Data Visualisation Guide

Intro to tidy data

Tidy data

Data can be organised in many different ways. But making visualisations based on the Grammar of Graphics requires your data to be in a certain format called tidy data. It is worth spending some time learning about tidy data, because tidy data is not only the starting point for Grammar of Graphics based visualisations, it is also a good base for data analysis, and a very good guide for how to handle, store, transform and exchange data.

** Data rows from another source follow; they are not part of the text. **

text \<open>Writing 2Rz = t1 + t2 + e with t1^2 = pR, t2^2 = qR and e = 0 modulo r, the
  quartic times (2R)^2 becomes (2 t1 t2 + E)^2 - 4 (pR)(qR) with E = 0 modulo r.\<close>

lemma twin_quartic_root_mod_prime:
  fixes p q r R :: int
  assumes q: "q = p + 2" and r: "prime r" "r \<noteq> 2" and rR: "\<not> r dvd R"
    and Lp: "Legendre (p*R) r = 1" and Lq: "Legendre (q*R) r = 1"
  shows "\<exists>z. r dvd (2*R*z^2 - (p+1))^2 - p*q"
proof -
  obtain t1 t2 where t1: "r dvd t1^2 - p*R" and t2: "r dvd t2^2 - q*R"
    using Lp Lq by (auto simp: Legendre_eq_1_iff cong_iff_dvd_diff)
  have r2R: "\<not> r dvd 2*R" using prime_not_dvd_two[OF r] rR r(1) by (simp add: prime_dvd_mult_iff)
  then have "coprime (2*R) r" using prime_imp_coprime[OF r(1)] coprime_commute by blast
  then obtain i where "[2*R*i = 1] (mod r)" using cong_solve_coprime_int by blast
  then have i: "r dvd 2*R*i - 1" by (simp add: cong_iff_dvd_diff)
  define z where "z = (t1 + t2) * i"
  define e where "e = 2*R*z - (t1 + t2)"
  define E where "E = (t1^2 - p*R) + (t2^2 - q*R) + e*(2*t1 + 2*t2 + e)"
  have "e = (t1 + t2) * (2*R*i - 1)" unfolding e_def z_def by (simp add: algebra_simps)
  then have "r dvd e" using i by simp
  then have "r dvd E" unfolding E_def using t1 t2 by simp
  have "(2*R)^2 * ((2*R*z^2 - (p+1))^2 - p*q) = E * (4*t1*t2 + E)
      + 4*(t1^2 - p*R)*t2^2 + 4*(t2^2 - q*R)*t1^2 - 4*(t1^2 - p*R)*(t2^2 - q*R)"
    unfolding E_def e_def q by (simp add: power2_eq_square algebra_simps)
  moreover have "r dvd E * (4*t1*t2 + E)" using \<open>r dvd E\<close> by (rule dvd_mult2)
  moreover have "r dvd 4*(t1^2 - p*R)*t2^2" using t1 by (rule dvd_mult2[OF dvd_mult])
  moreover have "r dvd 4*(t2^2 - q*R)*t1^2" using t2 by (rule dvd_mult2[OF dvd_mult])
  moreover have "r dvd 4*(t1^2 - p*R)*(t2^2 - q*R)" using t1 by (rule dvd_mult2[OF dvd_mult])
  ultimately have "r dvd (2*R)^2 * ((2*R*z^2 - (p+1))^2 - p*q)"
    by (metis dvd_add dvd_diff)
  then have "r dvd (2*R)^2 \<or> r dvd (2*R*z^2 - (p+1))^2 - p*q"
    using r(1) prime_dvd_mult_iff by blast
  then have "r dvd (2*R*z^2 - (p+1))^2 - p*q" using r2R prime_dvd_power[OF r(1)] by blast
  then show ?thesis by blast
qed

A comic of 2 fluffy creatures licking an ice cream side by side with a cute data table

Source: Alison Horst, CC BY 4.0

Variables, observations and values

Consider the following data table:

country year cases population
Belgium 2020 14.444 11.522.440
Belgium 2021 14.791 11.554.767
Bulgaria 2020 23.128 6.916.548
Bulgaria 2021 22.305 6.951.482
Czechia 2020 8.610 10.494.836
Czechia 2021 8.990 10.693.939

In this table, country, year, cases and population are variables. A variable contains all values that measure the same underlying attributes across units.

Every row except the header row is an observation. An observation contains all values measured on the same unit across attributes. In this case the observations each represent a country.

Each cell in the table (again: except the ones in the first row) contains a value. A value represents a single measurement of an attribute of a unit, and can be a number in the case of quantitative measurements, or a string in the case of qualitative measurements.

The table above is in the tidy data format, because it respects the 3 rules of tidy data:

  1. Every column is a variable.
  2. Every row is an observation.
  3. Every cell is a single value.

An image showing a quote by Hadley Wickham: 'Tidy data is a standard way of mapping the meaning of a dataset to its structure'

Source: Alison Horst, CC BY 4.0

This seems very straightforward and logical. But let’s see how the same data set can be structured differently, and what makes these other structures non-tidy.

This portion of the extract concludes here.